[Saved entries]
(* Let $K$ be an origin-symmetric convex body in $\mathbb{R}^2$ and let $\mu$ be a B-measure on $\partial K$. Then $\operatorname{supp}(\mu)\subseteq A(K)\setminus E(K)$.
   Context: For an origin-symmetric convex body $K\subset\mathbb{R}^2$ (compact convex set with non-empty interior, $K=-K$), let $\|x\|_K=\min\{\lambda>0: x\in\lambda K\}$ be the associated norm. For non-zero $x,y\in\mathbb{R}^2$, $x$ is Birkhoff orthogonal to $y$, written $x\dashv y$, if $\|x\|_K\le\|x+ty\|_K$ for all $t\in\mathbb{R}$. An angular measure on $\partial K$ is a Borel measure $\mu$ on $\partial K$ with $\mu(\partial K)=2\pi$, $\mu(X)=\mu(-X)$ for every Borel $X\subseteq\partial K$, and $\mu(\{x\})=0$ for every $x\in\partial K$. A B-measure is an angular measure $\mu$ such that $\mu(C)=\pi/2$ for every closed arc $C$ of $\partial K$ that contains no pair of opposite points $z,-z$ and whose endpoints $x,y$ satisfy $x\dashv y$. A point $x\in\partial K$ is an Auerbach point if there is $y\in\partial K$ with $x\dashv y$ and $y\dashv x$; $A(K)$ denotes the set of Auerbach points. $E(K)$ denotes the union of all relatively open non-degenerate line segments contained in $\partial K$. The support $\operatorname{supp}(\mu)$ is the set of all $x\in\partial K$ such that every relatively open subset of $\partial K$ containing $x$ has positive $\mu$-measure. *)

theory Defs
  imports "HOL-Analysis.Analysis"
begin

type_synonym pt = "real^2"

definition convex_body :: "pt set \<Rightarrow> bool" where
  "convex_body K \<longleftrightarrow> compact K \<and> convex K \<and> interior K \<noteq> {}"

definition origin_symmetric :: "pt set \<Rightarrow> bool" where
  "origin_symmetric K \<longleftrightarrow> uminus ` K = K"

definition knorm :: "pt set \<Rightarrow> pt \<Rightarrow> real" where
  "knorm K x = Inf {l. l > 0 \<and> x \<in> (\<lambda>v. l *\<^sub>R v) ` K}"

definition birkhoff_orth :: "pt set \<Rightarrow> pt \<Rightarrow> pt \<Rightarrow> bool" where
  "birkhoff_orth K x y \<longleftrightarrow> x \<noteq> 0 \<and> y \<noteq> 0 \<and>
     (\<forall>t::real. knorm K x \<le> knorm K (x + t *\<^sub>R y))"

definition angular_measure :: "pt set \<Rightarrow> pt measure \<Rightarrow> bool" where
  "angular_measure K M \<longleftrightarrow>
     sets M = sets (restrict_space borel (frontier K)) \<and>
     emeasure M (frontier K) = ennreal (2 * pi) \<and>
     (\<forall>X \<in> sets M. emeasure M X = emeasure M (uminus ` X)) \<and>
     (\<forall>x \<in> frontier K. emeasure M {x} = 0)"

text \<open>Closed arcs of the boundary are images of injective paths lying in the boundary.\<close>
definition B_measure :: "pt set \<Rightarrow> pt measure \<Rightarrow> bool" where
  "B_measure K M \<longleftrightarrow> angular_measure K M \<and>
     (\<forall>g. arc g \<and> path_image g \<subseteq> frontier K \<and>
          (\<forall>z \<in> path_image g. - z \<notin> path_image g) \<and>
          birkhoff_orth K (pathstart g) (pathfinish g)
        \<longrightarrow> emeasure M (path_image g) = ennreal (pi / 2))"

definition auerbach_points :: "pt set \<Rightarrow> pt set" where
  "auerbach_points K = {x \<in> frontier K. \<exists>y \<in> frontier K.
      birkhoff_orth K x y \<and> birkhoff_orth K y x}"

definition E_set :: "pt set \<Rightarrow> pt set" where
  "E_set K = \<Union>{open_segment a b | a b. a \<noteq> b \<and> open_segment a b \<subseteq> frontier K}"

— WHAT THE EXERCISE ASKS —
Your response must consist of every line above, reproduced exactly.

— COMPLETED EXERCISE —
(* Let $K$ be an origin-symmetric convex body in $\mathbb{R}^2$ and let $\mu$ be a B-measure on $\partial K$. Then $\operatorname{supp}(\mu)\subseteq A(K)\setminus E(K)$.
   Context: For an origin-symmetric convex body $K\subset\mathbb{R}^2$ (compact convex set with non-empty interior, $K=-K$), let $\|x\|_K=\min\{\lambda>0: x\in\lambda K\}$ be the associated norm. For non-zero $x,y\in\mathbb{R}^2$, $x$ is Birkhoff orthogonal to $y$, written $x\dashv y$, if $\|x\|_K\le\|x+ty\|_K$ for all $t\in\mathbb{R}$. An angular measure on $\partial K$ is a Borel measure $\mu$ on $\partial K$ with $\mu(\partial K)=2\pi$, $\mu(X)=\mu(-X)$ for every Borel $X\subseteq\partial K$, and $\mu(\{x\})=0$ for every $x\in\partial K$. A B-measure is an angular measure $\mu$ such that $\mu(C)=\pi/2$ for every closed arc $C$ of $\partial K$ that contains no pair of opposite points $z,-z$ and whose endpoints $x,y$ satisfy $x\dashv y$. A point $x\in\partial K$ is an Auerbach point if there is $y\in\partial K$ with $x\dashv y$ and $y\dashv x$; $A(K)$ denotes the set of Auerbach points. $E(K)$ denotes the union of all relatively open non-degenerate line segments contained in $\partial K$. The support $\operatorname{supp}(\mu)$ is the set of all $x\in\partial K$ such that every relatively open subset of $\partial K$ containing $x$ has positive $\mu$-measure. *)

theory Defs
  imports "HOL-Analysis.Analysis"
begin

type_synonym pt = "real^2"

definition convex_body :: "pt set \<Rightarrow> bool" where
  "convex_body K \<longleftrightarrow> compact K \<and> convex K \<and> interior K \<noteq> {}"

definition origin_symmetric :: "pt set \<Rightarrow> bool" where
  "origin_symmetric K \<longleftrightarrow> uminus ` K = K"

definition knorm :: "pt set \<Rightarrow> pt \<Rightarrow> real" where
  "knorm K x = Inf {l. l > 0 \<and> x \<in> (\<lambda>v. l *\<^sub>R v) ` K}"

definition birkhoff_orth :: "pt set \<Rightarrow> pt \<Rightarrow> pt \<Rightarrow> bool" where
  "birkhoff_orth K x y \<longleftrightarrow> x \<noteq> 0 \<and> y \<noteq> 0 \<and>
     (\<forall>t::real. knorm K x \<le> knorm K (x + t *\<^sub>R y))"

definition angular_measure :: "pt set \<Rightarrow> pt measure \<Rightarrow> bool" where
  "angular_measure K M \<longleftrightarrow>
     sets M = sets (restrict_space borel (frontier K)) \<and>
     emeasure M (frontier K) = ennreal (2 * pi) \<and>
     (\<forall>X \<in> sets M. emeasure M X = emeasure M (uminus ` X)) \<and>
     (\<forall>x \<in> frontier K. emeasure M {x} = 0)"

text \<open>Closed arcs of the boundary are images of injective paths lying in the boundary.\<close>
definition B_measure :: "pt set \<Rightarrow> pt measure \<Rightarrow> bool" where
  "B_measure K M \<longleftrightarrow> angular_measure K M \<and>
     (\<forall>g. arc g \<and> path_image g \<subseteq> frontier K \<and>
          (\<forall>z \<in> path_image g. - z \<notin> path_image g) \<and>
          birkhoff_orth K (pathstart g) (pathfinish g)
        \<longrightarrow> emeasure M (path_image g) = ennreal (pi / 2))"

definition auerbach_points :: "pt set \<Rightarrow> pt set" where
  "auerbach_points K = {x \<in> frontier K. \<exists>y \<in> frontier K.
      birkhoff_orth K x y \<and> birkhoff_orth K y x}"

definition E_set :: "pt set \<Rightarrow> pt set" where
  "E_set K = \<Union>{open_segment a b | a b. a \<noteq> b \<and> open_segment a b \<subseteq> frontier K}"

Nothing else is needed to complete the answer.